• **Stored data**
----
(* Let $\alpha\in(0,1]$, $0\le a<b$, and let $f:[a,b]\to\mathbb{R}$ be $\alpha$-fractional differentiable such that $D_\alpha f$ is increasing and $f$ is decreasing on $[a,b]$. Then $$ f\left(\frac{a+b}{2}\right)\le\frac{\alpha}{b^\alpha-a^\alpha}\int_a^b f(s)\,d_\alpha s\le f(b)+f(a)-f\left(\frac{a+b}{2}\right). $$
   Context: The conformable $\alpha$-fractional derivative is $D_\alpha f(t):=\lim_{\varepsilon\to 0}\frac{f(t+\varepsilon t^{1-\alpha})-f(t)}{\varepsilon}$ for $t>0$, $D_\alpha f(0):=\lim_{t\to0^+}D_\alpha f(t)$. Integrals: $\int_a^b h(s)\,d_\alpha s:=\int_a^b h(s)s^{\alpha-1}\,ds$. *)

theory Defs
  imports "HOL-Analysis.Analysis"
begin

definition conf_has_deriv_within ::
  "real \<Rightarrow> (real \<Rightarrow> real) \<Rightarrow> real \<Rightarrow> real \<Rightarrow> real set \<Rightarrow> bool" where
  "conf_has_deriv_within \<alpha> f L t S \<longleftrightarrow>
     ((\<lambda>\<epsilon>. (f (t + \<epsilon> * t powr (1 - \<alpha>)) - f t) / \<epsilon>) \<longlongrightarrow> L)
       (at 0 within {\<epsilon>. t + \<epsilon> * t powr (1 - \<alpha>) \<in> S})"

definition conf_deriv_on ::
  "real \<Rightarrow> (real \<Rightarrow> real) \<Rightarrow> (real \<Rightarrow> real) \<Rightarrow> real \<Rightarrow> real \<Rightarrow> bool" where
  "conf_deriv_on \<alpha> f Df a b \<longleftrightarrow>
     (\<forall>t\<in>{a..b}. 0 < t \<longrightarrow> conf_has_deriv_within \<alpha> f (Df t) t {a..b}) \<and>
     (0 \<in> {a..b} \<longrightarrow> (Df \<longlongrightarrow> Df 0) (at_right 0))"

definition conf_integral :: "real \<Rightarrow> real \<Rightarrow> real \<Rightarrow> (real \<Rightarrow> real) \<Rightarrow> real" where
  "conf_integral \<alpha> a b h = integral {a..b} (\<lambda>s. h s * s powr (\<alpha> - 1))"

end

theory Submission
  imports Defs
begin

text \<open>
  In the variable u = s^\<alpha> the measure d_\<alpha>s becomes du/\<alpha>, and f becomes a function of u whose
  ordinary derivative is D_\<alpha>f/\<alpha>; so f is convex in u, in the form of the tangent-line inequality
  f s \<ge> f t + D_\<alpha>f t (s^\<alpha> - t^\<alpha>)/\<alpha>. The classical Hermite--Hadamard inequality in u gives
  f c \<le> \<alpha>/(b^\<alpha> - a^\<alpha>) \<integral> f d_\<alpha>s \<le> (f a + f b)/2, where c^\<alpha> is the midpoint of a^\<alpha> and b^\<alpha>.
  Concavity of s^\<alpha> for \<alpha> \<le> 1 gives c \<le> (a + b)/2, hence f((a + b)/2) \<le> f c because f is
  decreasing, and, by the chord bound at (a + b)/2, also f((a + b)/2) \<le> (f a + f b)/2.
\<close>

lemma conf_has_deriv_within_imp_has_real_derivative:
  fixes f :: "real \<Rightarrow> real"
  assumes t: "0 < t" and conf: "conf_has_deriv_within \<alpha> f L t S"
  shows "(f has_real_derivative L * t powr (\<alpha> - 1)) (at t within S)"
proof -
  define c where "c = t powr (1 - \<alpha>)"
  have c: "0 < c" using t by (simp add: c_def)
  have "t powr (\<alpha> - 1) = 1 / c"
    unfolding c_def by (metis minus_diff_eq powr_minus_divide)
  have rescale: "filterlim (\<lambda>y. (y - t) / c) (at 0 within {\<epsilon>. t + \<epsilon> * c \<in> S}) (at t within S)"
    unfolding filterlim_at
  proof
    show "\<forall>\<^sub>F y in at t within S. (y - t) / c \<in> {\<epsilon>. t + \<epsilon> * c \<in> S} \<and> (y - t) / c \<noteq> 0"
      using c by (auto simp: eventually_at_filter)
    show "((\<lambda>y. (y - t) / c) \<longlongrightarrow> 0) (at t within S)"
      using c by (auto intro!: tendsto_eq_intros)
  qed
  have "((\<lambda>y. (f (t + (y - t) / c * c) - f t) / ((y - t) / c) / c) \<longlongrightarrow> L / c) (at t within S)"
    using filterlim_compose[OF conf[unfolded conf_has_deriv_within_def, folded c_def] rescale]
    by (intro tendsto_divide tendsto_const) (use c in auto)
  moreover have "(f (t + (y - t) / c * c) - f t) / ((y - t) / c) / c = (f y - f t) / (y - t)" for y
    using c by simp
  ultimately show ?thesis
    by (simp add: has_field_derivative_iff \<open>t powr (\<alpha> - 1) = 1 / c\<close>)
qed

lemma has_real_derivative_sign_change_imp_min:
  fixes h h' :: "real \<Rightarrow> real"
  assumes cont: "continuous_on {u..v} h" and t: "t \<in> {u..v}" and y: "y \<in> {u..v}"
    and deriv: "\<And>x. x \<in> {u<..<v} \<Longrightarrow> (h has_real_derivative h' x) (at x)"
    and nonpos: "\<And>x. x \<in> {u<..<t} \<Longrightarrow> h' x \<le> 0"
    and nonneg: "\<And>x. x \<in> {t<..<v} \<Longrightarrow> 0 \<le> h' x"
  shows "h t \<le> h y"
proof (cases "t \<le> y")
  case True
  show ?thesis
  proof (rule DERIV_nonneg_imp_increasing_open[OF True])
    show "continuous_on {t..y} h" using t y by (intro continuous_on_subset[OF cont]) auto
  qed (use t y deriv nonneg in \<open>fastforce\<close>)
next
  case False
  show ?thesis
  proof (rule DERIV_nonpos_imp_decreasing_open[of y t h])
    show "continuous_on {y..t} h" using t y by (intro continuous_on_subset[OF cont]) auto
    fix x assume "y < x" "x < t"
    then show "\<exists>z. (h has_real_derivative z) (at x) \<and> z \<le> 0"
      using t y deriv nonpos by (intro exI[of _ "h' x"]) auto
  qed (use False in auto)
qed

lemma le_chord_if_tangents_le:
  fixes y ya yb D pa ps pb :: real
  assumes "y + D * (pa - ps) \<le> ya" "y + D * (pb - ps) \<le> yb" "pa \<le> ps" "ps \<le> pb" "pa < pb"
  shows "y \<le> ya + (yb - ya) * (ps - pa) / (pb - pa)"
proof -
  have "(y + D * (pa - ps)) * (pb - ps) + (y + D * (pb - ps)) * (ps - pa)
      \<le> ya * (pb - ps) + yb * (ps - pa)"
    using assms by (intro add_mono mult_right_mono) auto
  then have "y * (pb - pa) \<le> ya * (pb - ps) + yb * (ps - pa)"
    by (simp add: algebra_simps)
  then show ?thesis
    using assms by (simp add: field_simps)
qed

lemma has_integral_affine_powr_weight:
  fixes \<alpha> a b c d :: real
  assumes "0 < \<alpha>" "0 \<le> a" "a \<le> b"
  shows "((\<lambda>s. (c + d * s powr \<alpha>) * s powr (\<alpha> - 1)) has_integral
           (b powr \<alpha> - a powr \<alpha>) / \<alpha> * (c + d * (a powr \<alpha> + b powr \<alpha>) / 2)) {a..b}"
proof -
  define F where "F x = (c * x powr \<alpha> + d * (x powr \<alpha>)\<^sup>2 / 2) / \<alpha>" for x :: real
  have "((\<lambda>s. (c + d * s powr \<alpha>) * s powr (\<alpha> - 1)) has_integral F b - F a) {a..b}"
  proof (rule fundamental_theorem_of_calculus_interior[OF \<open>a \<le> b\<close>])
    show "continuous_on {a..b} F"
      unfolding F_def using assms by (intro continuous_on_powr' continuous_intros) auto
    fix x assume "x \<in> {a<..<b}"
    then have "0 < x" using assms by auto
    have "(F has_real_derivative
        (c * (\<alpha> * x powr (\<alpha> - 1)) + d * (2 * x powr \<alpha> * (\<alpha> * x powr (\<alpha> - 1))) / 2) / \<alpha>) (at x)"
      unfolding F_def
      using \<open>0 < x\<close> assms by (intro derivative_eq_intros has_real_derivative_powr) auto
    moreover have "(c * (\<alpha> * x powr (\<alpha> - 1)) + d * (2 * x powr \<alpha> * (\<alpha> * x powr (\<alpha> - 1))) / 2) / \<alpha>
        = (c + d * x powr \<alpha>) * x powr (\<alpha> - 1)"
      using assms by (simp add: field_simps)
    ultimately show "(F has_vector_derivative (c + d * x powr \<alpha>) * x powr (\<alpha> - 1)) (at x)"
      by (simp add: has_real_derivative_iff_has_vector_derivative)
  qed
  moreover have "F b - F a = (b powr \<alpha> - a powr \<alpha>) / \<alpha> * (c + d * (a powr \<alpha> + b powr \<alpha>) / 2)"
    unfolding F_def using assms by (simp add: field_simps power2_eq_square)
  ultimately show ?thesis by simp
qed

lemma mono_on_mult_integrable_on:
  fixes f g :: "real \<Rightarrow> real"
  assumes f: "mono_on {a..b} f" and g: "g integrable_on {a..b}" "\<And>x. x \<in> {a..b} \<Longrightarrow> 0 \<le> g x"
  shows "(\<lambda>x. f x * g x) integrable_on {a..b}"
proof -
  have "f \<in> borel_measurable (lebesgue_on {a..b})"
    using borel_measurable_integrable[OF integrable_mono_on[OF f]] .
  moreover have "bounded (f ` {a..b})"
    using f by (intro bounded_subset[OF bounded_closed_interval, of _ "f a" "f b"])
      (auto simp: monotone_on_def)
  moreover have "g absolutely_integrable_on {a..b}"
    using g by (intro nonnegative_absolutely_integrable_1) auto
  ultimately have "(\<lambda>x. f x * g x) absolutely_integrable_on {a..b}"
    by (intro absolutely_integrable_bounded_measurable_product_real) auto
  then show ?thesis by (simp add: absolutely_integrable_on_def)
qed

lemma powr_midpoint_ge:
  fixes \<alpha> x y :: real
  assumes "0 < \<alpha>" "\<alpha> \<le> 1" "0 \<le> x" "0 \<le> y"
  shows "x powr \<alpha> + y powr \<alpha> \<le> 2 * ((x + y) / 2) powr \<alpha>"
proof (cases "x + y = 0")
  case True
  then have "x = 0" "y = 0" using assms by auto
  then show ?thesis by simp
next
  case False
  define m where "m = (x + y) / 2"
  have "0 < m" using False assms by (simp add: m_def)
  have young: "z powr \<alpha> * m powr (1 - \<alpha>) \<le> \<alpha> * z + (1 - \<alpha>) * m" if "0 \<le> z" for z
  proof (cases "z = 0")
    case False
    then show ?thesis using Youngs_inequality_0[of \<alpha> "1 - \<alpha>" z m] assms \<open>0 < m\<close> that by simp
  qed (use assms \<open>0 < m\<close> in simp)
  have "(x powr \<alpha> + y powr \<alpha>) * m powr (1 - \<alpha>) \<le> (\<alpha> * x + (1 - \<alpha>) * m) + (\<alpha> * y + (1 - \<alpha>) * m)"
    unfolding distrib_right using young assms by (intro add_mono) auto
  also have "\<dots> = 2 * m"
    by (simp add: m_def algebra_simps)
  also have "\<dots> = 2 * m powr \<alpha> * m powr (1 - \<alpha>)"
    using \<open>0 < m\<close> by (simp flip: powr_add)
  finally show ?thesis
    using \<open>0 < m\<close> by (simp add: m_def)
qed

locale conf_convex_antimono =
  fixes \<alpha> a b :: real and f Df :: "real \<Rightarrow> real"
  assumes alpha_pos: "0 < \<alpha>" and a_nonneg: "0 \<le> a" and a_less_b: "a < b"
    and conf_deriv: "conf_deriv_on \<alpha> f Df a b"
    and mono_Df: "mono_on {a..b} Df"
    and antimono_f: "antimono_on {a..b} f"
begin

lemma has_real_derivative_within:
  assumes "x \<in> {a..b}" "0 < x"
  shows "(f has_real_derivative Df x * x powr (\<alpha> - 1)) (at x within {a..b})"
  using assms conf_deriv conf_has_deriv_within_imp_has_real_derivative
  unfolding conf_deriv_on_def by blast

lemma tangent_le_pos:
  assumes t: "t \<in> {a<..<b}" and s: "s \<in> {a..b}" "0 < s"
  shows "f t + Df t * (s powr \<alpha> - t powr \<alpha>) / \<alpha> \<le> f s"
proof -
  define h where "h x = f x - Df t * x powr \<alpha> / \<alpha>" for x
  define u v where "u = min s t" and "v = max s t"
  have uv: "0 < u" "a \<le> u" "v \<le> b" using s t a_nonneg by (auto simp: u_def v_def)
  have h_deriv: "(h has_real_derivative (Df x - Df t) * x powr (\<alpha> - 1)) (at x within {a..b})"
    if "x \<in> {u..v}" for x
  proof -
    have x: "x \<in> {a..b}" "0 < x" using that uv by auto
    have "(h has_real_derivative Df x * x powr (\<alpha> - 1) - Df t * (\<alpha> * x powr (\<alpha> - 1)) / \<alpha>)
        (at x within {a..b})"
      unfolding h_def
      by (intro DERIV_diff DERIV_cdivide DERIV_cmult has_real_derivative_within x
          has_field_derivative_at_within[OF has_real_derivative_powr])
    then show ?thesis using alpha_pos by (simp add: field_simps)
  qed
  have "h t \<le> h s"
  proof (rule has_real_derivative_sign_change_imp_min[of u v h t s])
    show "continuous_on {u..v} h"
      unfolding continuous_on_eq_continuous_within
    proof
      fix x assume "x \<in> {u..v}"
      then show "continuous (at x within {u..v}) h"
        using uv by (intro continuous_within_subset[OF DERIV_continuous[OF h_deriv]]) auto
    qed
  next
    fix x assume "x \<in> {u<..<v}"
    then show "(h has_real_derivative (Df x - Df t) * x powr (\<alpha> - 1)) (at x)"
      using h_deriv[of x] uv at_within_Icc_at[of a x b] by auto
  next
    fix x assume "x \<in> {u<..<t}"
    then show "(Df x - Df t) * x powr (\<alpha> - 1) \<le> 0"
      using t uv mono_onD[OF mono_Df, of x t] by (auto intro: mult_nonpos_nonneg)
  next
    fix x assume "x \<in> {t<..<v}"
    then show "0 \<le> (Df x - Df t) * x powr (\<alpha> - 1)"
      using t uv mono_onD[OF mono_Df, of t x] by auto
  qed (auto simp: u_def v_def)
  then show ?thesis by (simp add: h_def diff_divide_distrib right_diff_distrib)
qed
----
• **Activity**
Can you repeat, word for word, every line above from the one containing "m powr \<alpha>" down to the one containing "unfolding conf_deriv_on_def by blast", including both?

• **Task result**
  also have "\<dots> = 2 * m powr \<alpha> * m powr (1 - \<alpha>)"
    using \<open>0 < m\<close> by (simp flip: powr_add)
  finally show ?thesis
    using \<open>0 < m\<close> by (simp add: m_def)
qed

locale conf_convex_antimono =
  fixes \<alpha> a b :: real and f Df :: "real \<Rightarrow> real"
  assumes alpha_pos: "0 < \<alpha>" and a_nonneg: "0 \<le> a" and a_less_b: "a < b"
    and conf_deriv: "conf_deriv_on \<alpha> f Df a b"
    and mono_Df: "mono_on {a..b} Df"
    and antimono_f: "antimono_on {a..b} f"
begin

lemma has_real_derivative_within:
  assumes "x \<in> {a..b}" "0 < x"
  shows "(f has_real_derivative Df x * x powr (\<alpha> - 1)) (at x within {a..b})"
  using assms conf_deriv conf_has_deriv_within_imp_has_real_derivative
  unfolding conf_deriv_on_def by blast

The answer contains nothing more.